Processing time depends on structure size and selected options. Small proteins (under 5,000 atoms) with default settings complete in under a minute. Structures larger than 10,000 atoms are automatically routed to GPU hardware, which accelerates the energy minimization step. Adding missing residues or solvent boxes increases processing time regardless of hardware — expect several minutes for structures with extensive loop building or large solvent boxes.

Why are my missing loops in the wrong conformation?

PDB Fixer builds loops using idealized geometry followed by brief energy minimization. This provides reasonable starting conformations, but long loops (10+ residues) often need additional refinement. Run extended energy minimization or a short MD equilibration to relax the structure.

What's the difference between PDB Fixer and PROPKA?

PDB Fixer adds missing atoms and prepares structures for simulation. PROPKA predicts pKa values for titratable residues without modifying the structure. Use PROPKA first to determine appropriate pH, then run PDB Fixer with that pH value to add hydrogens with correct protonation states.

Can I use PDB Fixer output directly for MD simulations?

Yes, with appropriate settings.
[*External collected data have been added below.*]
theorem lemma3p3:
  fixes D :: "('a::euclidean_space \<times> real) measure" and Dx :: "'a measure"
    and \<eta> U R \<theta> \<sigma> :: real and wstar what :: 'a
  assumes "0 \<le> \<eta>" and "\<eta> < 1/2"
    and "norm wstar = 1"
    and "massart D Dx (\<lambda>x. psign (wstar \<bullet> x)) \<eta>"
    and "0 < U" and "0 < R" and "UR_bounded Dx U R"
    and "0 < \<theta>" and "\<theta> < pi/2"
    and "norm what = 1"
    and "\<theta> < vec_angle what wstar" and "vec_angle what wstar < pi - \<theta>"
    and "0 < \<sigma>" and "\<sigma> \<le> R / (8 * U) * sqrt (1 - 2 * \<eta>) * sin \<theta>"
  shows "\<exists>g. (sigmoid_loss D \<sigma> has_derivative (\<lambda>h. g \<bullet> h)) (at what) \<and>
             norm g \<ge> R^2 * (1 - 2 * \<eta>) / (32 * U)"
proof -
  obtain e where noise: "massart_noise D Dx (\<lambda>x. psign (wstar \<bullet> x)) e" and e: "\<And>x. 0 \<le> e x" "\<And>x. e x \<le> \<eta>"
    using assms(4) unfolding massart_iff_massart_noise by blast
  have "\<bar>what \<bullet> wstar\<bar> < cos \<theta>"
    using abs_inner_less_cos_of_vec_angle assms(3,8,10-12) by blast
  then obtain v s where v: "norm v = 1" "what \<bullet> v = 0" "wstar = (what \<bullet> wstar) *\<^sub>R what + s *\<^sub>R v"
    and s: "sin \<theta> \<le> s" "s \<le> 1"
    using unit_vector_decomposition assms(3,8,9,10) by blast
  have "\<bar>what \<bullet> wstar\<bar> \<le> 1"
    using Cauchy_Schwarz_ineq2[of what wstar] assms(3,10) by simp
  moreover have "0 < s"
    using s(1) sin_gt_zero[of \<theta>] assms(8,9) by linarith
  moreover have "R / (8 * U) * sqrt (1 - 2 * \<eta>) * sin \<theta> \<le> R / (8 * U) * sqrt (1 - 2 * \<eta>) * s"
    using s(1) assms(2,5,6) by (intro mult_left_mono) auto
  ultimately show ?thesis
    using sigmoid_loss_gradient_norm_ge[OF noise e assms(2,7,5,6,10) v] s(2) assms(13,14) by auto
qed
Enable "Add solvent box" to create a solvated system with counterions. The output PDB includes periodic box vectors and is ready for equilibration in OpenMM, GROMACS, or AMBER.
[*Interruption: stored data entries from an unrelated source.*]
lemma reward_insert_diff:
  assumes "S \<subseteq> V" and "u \<in> V - S"
  shows "reward M V par s X \<tau> (S \<union> {u}) - reward M V par s X \<tau> S
    = (real (card (desc V par s u)) - real (card (\<Union>j\<in>desc V par s u \<inter> S. desc V par s j)))
      * prob {\<omega>\<in>space M. infect_time par s X u \<omega> > \<tau> \<omega>
                \<and> (\<forall>a\<in>S \<inter> anc par s u. infect_time par s X a \<omega> \<le> \<tau> \<omega>)}"
    (is "_ = ?gain * prob ?E")
proof -
  let ?Z = "infect_time par s X"
  let ?cov = "\<lambda>T \<omega>. real (card (covered V par s {i\<in>T. ?Z i \<omega> > \<tau> \<omega>}))"
  have SuV: "S \<union> {u} \<subseteq> V" using assms by auto
  have "?E \<in> sets M" using assms by (intro sets_immune_unshadowed) auto
  have "AE \<omega> in M. ?cov (S \<union> {u}) \<omega> - ?cov S \<omega> = ?gain * indicator ?E \<omega>"
    using AE_infect_time_anc_le AE_space
  proof eventually_elim
    case (elim \<omega>)
    have "?Z j \<omega> > \<tau> \<omega>" if "?Z i \<omega> > \<tau> \<omega>" "j \<in> desc V par s i" for i j
      using elim(1) that unfolding desc_def by force
    from card_covered_insert[OF tree this] show ?case
      using assms elim(2) by (auto simp: not_less indicator_def)
  qed
  then have "(\<integral>\<omega>. ?cov (S \<union> {u}) \<omega> - ?cov S \<omega> \<partial>M) = (\<integral>\<omega>. ?gain * indicator ?E \<omega> \<partial>M)"
    using integrable_card_covered[OF SuV] integrable_card_covered[OF assms(1)] \<open>?E \<in> sets M\<close>
    by (intro integral_cong_AE) auto
  then show ?thesis
    using integrable_card_covered[OF SuV] integrable_card_covered[OF assms(1)]
    by (simp add: reward_def covered_def Int_absorb2)
qed

lemma prob_immune_unshadowed_eq_diff:
  assumes "S \<subseteq> V" and "u \<in> V" and "v \<in> S \<inter> anc par s u"
    and deepest: "\<forall>w\<in>S \<inter> anc par s u. depth par s w \<le> depth par s v"
  shows "prob {\<omega>\<in>space M. infect_time par s X u \<omega> > \<tau> \<omega>
                \<and> (\<forall>a\<in>S \<inter> anc par s u. infect_time par s X a \<omega> \<le> \<tau> \<omega>)}
    = prob {\<omega>\<in>space M. infect_time par s X u \<omega> > \<tau> \<omega>} - prob {\<omega>\<in>space M. infect_time par s X v \<omega> > \<tau> \<omega>}"
    (is "prob ?E = prob ?U - prob ?V")
proof -
  have "v \<in> V" using assms by auto
  have sets: "?E \<in> sets M" "?U \<in> sets M" "?V \<in> sets M"
    using assms(1,2) \<open>v \<in> V\<close> measurable_immune unfolding pred_def
    by (auto intro: sets_immune_unshadowed)
  have "prob ?E = prob (?U - ?V)"
  proof (rule measure_eq_AE)
    show "AE \<omega> in M. \<omega> \<in> ?E \<longleftrightarrow> \<omega> \<in> ?U - ?V"
      using AE_infect_time_anc_le
    proof eventually_elim
      case (elim \<omega>)
      have "infect_time par s X a \<omega> \<le> infect_time par s X v \<omega>" if "a \<in> S \<inter> anc par s u" for a
        using anc_of_deepest_anc[OF tree assms(2,3) deepest that] elim \<open>v \<in> V\<close> by auto
      then show ?case using assms(3) by force
    qed
  qed (use sets in auto)
  also have "\<dots> = prob ?U - prob ?V"
  proof (rule measure_Diff_AE_subset)
    show "AE \<omega> in M. \<omega> \<in> ?V \<longrightarrow> \<omega> \<in> ?U"
      using AE_infect_time_anc_le by eventually_elim (use assms(2,3) in force)
  qed (use sets in auto)
  finally show ?thesis .
qed

end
Why did PDB Fixer remove my ligand?

Check your "Heterogens" setting. If set to Remove all, all non-protein molecules including ligands are deleted. Use Keep all to preserve ligands and crystallographic waters.

How do I fix a structure with nonstandard amino acids?

Enable "Replace nonstandard residues" to convert modified residues (selenomethionine, phosphoserine, etc.) to their standard equivalents. If you need to keep modifications, disable this option and ensure the residue templates are available—use "Download templates" to fetch specific residue definitions from the PDB Chemical Component Dictionary.

What force field should I use?

AMBER14 works well for most protein simulations and is the recommended default. Use CHARMM36 if you plan to run simulations with CHARMM-compatible software or if you're studying nucleic acids or specific lipid systems where CHARMM parameters are preferred.

Can PDB Fixer handle multiple chains?

Yes. PDB Fixer processes all chains in the input structure. Use "Remove chains" to exclude specific chains from the output if you only need certain parts of a complex.

How do I prepare a membrane protein?

Enable "Add lipid membrane" instead of "Add solvent box." Select the appropriate lipid type (POPC for general use, POPE for bacterial membranes) and position the membrane center appropriately for your protein's transmembrane domain.